The classic Zurvanite model of creation, preserved only by non-Zoroastrian sources, proceeds as follows:

In the beginning, the great God Zurvan existed alone. Desiring offspring that would create "heaven and hell and everything in between", Zurvan sacrificed for a thousand years. Towards the end of this period, androgyne Zurvan began to doubt the efficacy of sacrifice and in the moment of this doubt Ohrmuzd and Ahriman were conceived: Ohrmuzd for the sacrifice and Ahriman for the doubt. Upon realizing that twins were to be born, Zurvan resolved to grant the first-born sovereignty over creation. Ohrmuzd perceived Zurvan's decision, which He then communicated to His brother. Ahriman then preempted Ohrmuzd by ripping open the womb to emerge first. Reminded of the resolution to grant Ahriman sovereignty, Zurvan conceded, but limited kingship to a period of 9,000 years, after which Ohrmuzd would rule for all eternity.[3]: 419–428 

Christian and Manichaean missionaries considered this doctrine to be exemplary of the Zoroastrian faith and it was these and similar texts that first reached the west. Corroborated by

Anquetil-Duperron's "erroneous rendering" of Vendidad 19.9, these led to the late 18th-century century conclusion that Infinite Time was the first Principle of Zoroastrianism and Ohrmuzd was therefore only "the derivative and secondary character". Ironically, the fact that no Zoroastrian texts contained any hint of the born-of-Zurvan doctrine was considered to be evidence of a latter-day corruption of the original principles. The opinion that Zoroastrianism was so severely dualistic that it was, in fact, ditheistic or even tritheistic would be widely held until the late 19th century.[5]: 490–492 [13]
: 687 

Types of Zurvanism

According to Zaehner,[3][12] the doctrine of the cult of Zurvan appears to have three schools of thought, each to a different degree influenced by alien philosophies, which he calls

  • materialist Zurvanism,
  • ascetic Zurvanism, and
  • fatalistic Zurvanism.

These are described in the following subsections. Zaehner proposes that each of three arose out of the classical Zurvanism.

Materialist Zurvanism

Materialist Zurvanism was influenced by the Aristotelian and Empedoclean view of matter, and took "some very queer forms".[12]

While Zoroaster's Ormuzd created the universe with his thought, materialist Zurvanism challenged the concept that anything could be made out of nothing. This challenge was a patently alien idea, discarding core Zoroastrian tenets in favor of the position that the spiritual world – including heaven and hell, reward and punishment – did not exist.
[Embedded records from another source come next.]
lemma csbp_hit_below_eq_dyadic:
  assumes csbp: "is_csbp \<alpha> M P X"
  shows "{\<omega>\<in>space M. \<exists>t\<in>{0..1}. X t \<omega> < a} = (\<Union>n. {\<omega>\<in>space M. \<exists>t\<in>dyadic_grid n. X t \<omega> < a})"
proof (intro equalityI subsetI)
  fix \<omega> assume "\<omega> \<in> {\<omega>\<in>space M. \<exists>t\<in>{0..1}. X t \<omega> < a}"
  then show "\<omega> \<in> (\<Union>n. {\<omega>\<in>space M. \<exists>t\<in>dyadic_grid n. X t \<omega> < a})"
    using right_continuous_less_at_dyadic[of "\<lambda>t. X t \<omega>"] is_csbp_right_continuous[OF csbp]
    by auto
qed (use dyadic_grid_subset in blast)

lemma csbp_hit_below_finite_in_sets:
  assumes csbp: "is_csbp \<alpha> M P X" and T: "finite T" "T \<subseteq> {0..h}"
  shows "{\<omega>\<in>space M. \<exists>t\<in>T. X t \<omega> < a} \<in> sets M"
proof (intro sets.sets_Collect_finite_Ex T(1))
  fix t assume "t \<in> T"
  then have "0 \<le> t"
    using T(2) by auto
  note [measurable] = is_csbp_measurable[OF csbp this]
  show "{\<omega>\<in>space M. X t \<omega> < a} \<in> sets M"
    by measurable
qed

lemma csbp_hit_below_in_sets:
  assumes csbp: "is_csbp \<alpha> M P X"
  shows "{\<omega>\<in>space M. \<exists>t\<in>{0..1}. X t \<omega> < a} \<in> sets M"
  unfolding csbp_hit_below_eq_dyadic[OF csbp]
  using csbp_hit_below_finite_in_sets[OF csbp finite_dyadic_grid dyadic_grid_subset]
  by (intro sets.countable_nat_UN) auto

lemma csbp_hit_below:
  assumes csbp: "is_csbp \<alpha> M P X" and "0 < \<alpha>" "0 \<le> y" "0 < lam"
  shows "measure (P y) {\<omega>\<in>space M. \<exists>t\<in>{0..1}. X t \<omega> < a} \<le> exp (a * lam - y * csbp_u \<alpha> 1 lam)"
proof -
  interpret prob_space "P y"
    using csbp assms(3) by (rule is_csbp_prob_space)
  define B where "B n = {\<omega>\<in>space M. \<exists>t\<in>dyadic_grid n. X t \<omega> < a}" for n
  have "range B \<subseteq> sets (P y)"
    unfolding B_def is_csbp_sets[OF csbp assms(3)]
    using csbp_hit_below_finite_in_sets[OF csbp finite_dyadic_grid dyadic_grid_subset] by auto
  moreover have "incseq B"
    unfolding B_def using dyadic_grid_mono by (intro incseq_SucI) blast
  ultimately have "(\<lambda>n. measure (P y) (B n)) \<longlonglongrightarrow> measure (P y) (\<Union>n. B n)"
    by (rule finite_Lim_measure_incseq)
  then have "measure (P y) (\<Union>n. B n) \<le> exp (a * lam - y * csbp_u \<alpha> 1 lam)"
    unfolding B_def using finite_dyadic_grid dyadic_grid_subset
    by (intro LIMSEQ_le_const2) (auto intro!: csbp_hit_below_finite[OF csbp assms(2-4) zero_le_one])
  then show ?thesis
    unfolding csbp_hit_below_eq_dyadic[OF csbp] B_def .
qed

lemma csbp_inf_below:
  assumes csbp: "is_csbp \<alpha> M P X" and "0 < \<alpha>" "0 \<le> y" "0 < lam" "x < a"
  shows "measure (P y) {\<omega>\<in>space M. (INF t\<in>{0..1}. X t \<omega>) \<le> x} \<le> exp (a * lam - y * csbp_u \<alpha> 1 lam)"
proof -
  interpret prob_space "P y"
    using csbp assms(3) by (rule is_csbp_prob_space)
  have "{\<omega>\<in>space M. (INF t\<in>{0..1}. X t \<omega>) \<le> x} \<subseteq> {\<omega>\<in>space M. \<exists>t\<in>{0..1}. X t \<omega> < a}"
  proof safe
    fix \<omega> assume "\<omega> \<in> space M" "(INF t\<in>{0..1}. X t \<omega>) \<le> x"
    moreover have "bdd_below ((\<lambda>t. X t \<omega>) ` {0..1})"
      using is_csbp_nonneg[OF csbp _ \<open>\<omega> \<in> space M\<close>] by (intro bdd_belowI2[of _ 0]) auto
    ultimately show "\<exists>t\<in>{0..1}. X t \<omega> < a"
      using \<open>x < a\<close> by (subst cINF_less_iff[symmetric]) auto
  qed
  then have "measure (P y) {\<omega>\<in>space M. (INF t\<in>{0..1}. X t \<omega>) \<le> x}
      \<le> measure (P y) {\<omega>\<in>space M. \<exists>t\<in>{0..1}. X t \<omega> < a}"
    using csbp_hit_below_in_sets[OF csbp] is_csbp_sets[OF csbp assms(3)]
    by (intro finite_measure_mono) auto
  also have "\<dots> \<le> exp (a * lam - y * csbp_u \<alpha> 1 lam)"
    by (rule csbp_hit_below[OF csbp assms(2-4)])
  finally show ?thesis .
qed

lemma exp_neg_le_div_powr:
  fixes \<kappa> x \<gamma> :: real
  assumes "0 < \<kappa>" "0 < x" "0 \<le> \<gamma>" "\<gamma> \<le> 1"
  shows "exp (- \<kappa> * x) \<le> max 1 (1 / \<kappa>) / x powr \<gamma>"
proof (cases "x \<le> 1")
  case True
  then have "x powr \<gamma> \<le> 1"
    using assms by (simp add: powr_le1)
  then have "1 \<le> max 1 (1 / \<kappa>) / x powr \<gamma>"
    using assms by (simp add: le_divide_eq)
  moreover have "exp (- \<kappa> * x) \<le> 1"
    using assms by simp
  ultimately show ?thesis
    by linarith
next
  case False
  then have "x powr \<gamma> \<le> x"
    using assms powr_mono[of \<gamma> 1 x] by simp
  have "\<kappa> * x \<le> exp (\<kappa> * x)"
    using exp_ge_add_one_self[of "\<kappa> * x"] by linarith
  then have "exp (- \<kappa> * x) \<le> (1 / \<kappa>) / x"
    using assms by (simp add: exp_minus field_simps)
  also have "\<dots> \<le> max 1 (1 / \<kappa>) / x powr \<gamma>"
    using assms \<open>x powr \<gamma> \<le> x\<close> by (intro frac_le) auto
  finally show ?thesis .
qed

theorem lemma15:
  fixes \<alpha> :: real and M :: "'a measure" and P :: "real \<Rightarrow> 'a measure"
    and X :: "real \<Rightarrow> 'a \<Rightarrow> real"
  assumes "0 < \<alpha>" and "\<alpha> \<le> 1"
    and "is_csbp \<alpha> M P X"
  shows "\<forall>\<epsilon>>0. \<exists>c::real. \<forall>\<beta>\<in>{1<..<1+\<alpha>}. \<forall>x>0.
           measure (P ((1 + \<epsilon>) * x)) {\<omega>\<in>space M. (INF t\<in>{0..1}. X t \<omega>) \<le> x}
             \<le> min 1 (c / x powr (\<beta> - 1))"
proof (intro allI impI)
  fix \<epsilon> :: real assume "0 < \<epsilon>"
  have "(1 + \<epsilon>/2) / (1 + \<epsilon>) < 1"
    using \<open>0 < \<epsilon>\<close> by simp
  then obtain lam where lam: "0 < lam" and gain: "(1 + \<epsilon>/2) / (1 + \<epsilon>) * lam < csbp_u \<alpha> 1 lam"
    using exists_csbp_u_gt[OF assms(1) zero_less_one] by blast
  define \<kappa> where "\<kappa> = (1 + \<epsilon>) * csbp_u \<alpha> 1 lam - (1 + \<epsilon>/2) * lam"
  have "0 < \<kappa>"
    using gain \<open>0 < \<epsilon>\<close> by (simp add: \<kappa>_def field_simps)
  show "\<exists>c. \<forall>\<beta>\<in>{1<..<1+\<alpha>}. \<forall>x>0.
      measure (P ((1 + \<epsilon>) * x)) {\<omega>\<in>space M. (INF t\<in>{0..1}. X t \<omega>) \<le> x} \<le> min 1 (c / x powr (\<beta> - 1))"
  proof (intro exI[of _ "max 1 (1 / \<kappa>)"] ballI allI impI)
    fix \<beta> x :: real assume \<beta>: "\<beta> \<in> {1<..<1+\<alpha>}" and "0 < x"
    then have y: "0 \<le> (1 + \<epsilon>) * x"
      using \<open>0 < \<epsilon>\<close> by simp
    have "measure (P ((1 + \<epsilon>) * x)) {\<omega>\<in>space M. (INF t\<in>{0..1}. X t \<omega>) \<le> x}
        \<le> exp ((1 + \<epsilon>/2) * x * lam - (1 + \<epsilon>) * x * csbp_u \<alpha> 1 lam)"
      using \<open>0 < \<epsilon>\<close> \<open>0 < x\<close> by (intro csbp_inf_below[OF assms(3,1) y lam]) simp
    also have "\<dots> = exp (- \<kappa> * x)"
      by (simp add: \<kappa>_def algebra_simps)
    also have "\<dots> \<le> max 1 (1 / \<kappa>) / x powr (\<beta> - 1)"
      using \<beta> assms(2) \<open>0 < \<kappa>\<close> \<open>0 < x\<close> by (intro exp_neg_le_div_powr) auto
    finally show "measure (P ((1 + \<epsilon>) * x)) {\<omega>\<in>space M. (INF t\<in>{0..1}. X t \<omega>) \<le> x}
        \<le> min 1 (max 1 (1 / \<kappa>) / x powr (\<beta> - 1))"
      using prob_space.prob_le_1[OF is_csbp_prob_space[OF assms(3) y]] by simp
  qed
qed

end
The fundamental division of the material and spiritual is not altogether foreign to the Avesta; Geti and Mainyu (middle Persian: menog) are terms in Mazdaist tradition, where Ahura Mazda is said to have created all first in its spiritual, then later in its material form. But the material Zurvanites redefined menog to suit Aristotelian principles to mean "that which did not (yet) have matter", or alternatively, "that which was still the unformed primal matter". Even this is not necessarily a violation of orthodox Zoroastrian tradition, since the divinity Vayu is present in the middle space between Ormuzd and Ahriman, the void separating the kingdoms of light and darkness.

Ascetic Zurvanism

Ascetic Zurvanism, which was apparently not as popular as the materialistic kind, viewed Zurvan as undifferentiated Time, which, under the influence of desire, divided into reason (a male principle) and concupiscence (a female principle).

According to

Rig Veda 10.129 had been taken by Widengren to be evidence of a proto-Indo-Iranian Zurvan, but these arguments have since been questioned.[8] Nonetheless, there is a semblance of Zurvanite elements in Vedic texts, and, as Zaehner
puts it, "Time, for the Indians, is the raw material, the materia prima of all contingent being."

Fatalistic Zurvanism

The doctrine of Limited Time (allotted to Ahriman by Zurvan) implied that nothing could change this preordained course of the material universe, and the path of the astral bodies of the 'heavenly sphere' was representative of this preordained course. It followed that human destiny must then be decided by the constellations, stars and planets, who were divided between the good (the signs of the Zodiac) and the evil (the planets):

Ohrmazd allotted happiness to man, but if man did not receive it, it was owing to the extortion of these planets.

— Menog-i Khirad 38.4–5[full citation needed]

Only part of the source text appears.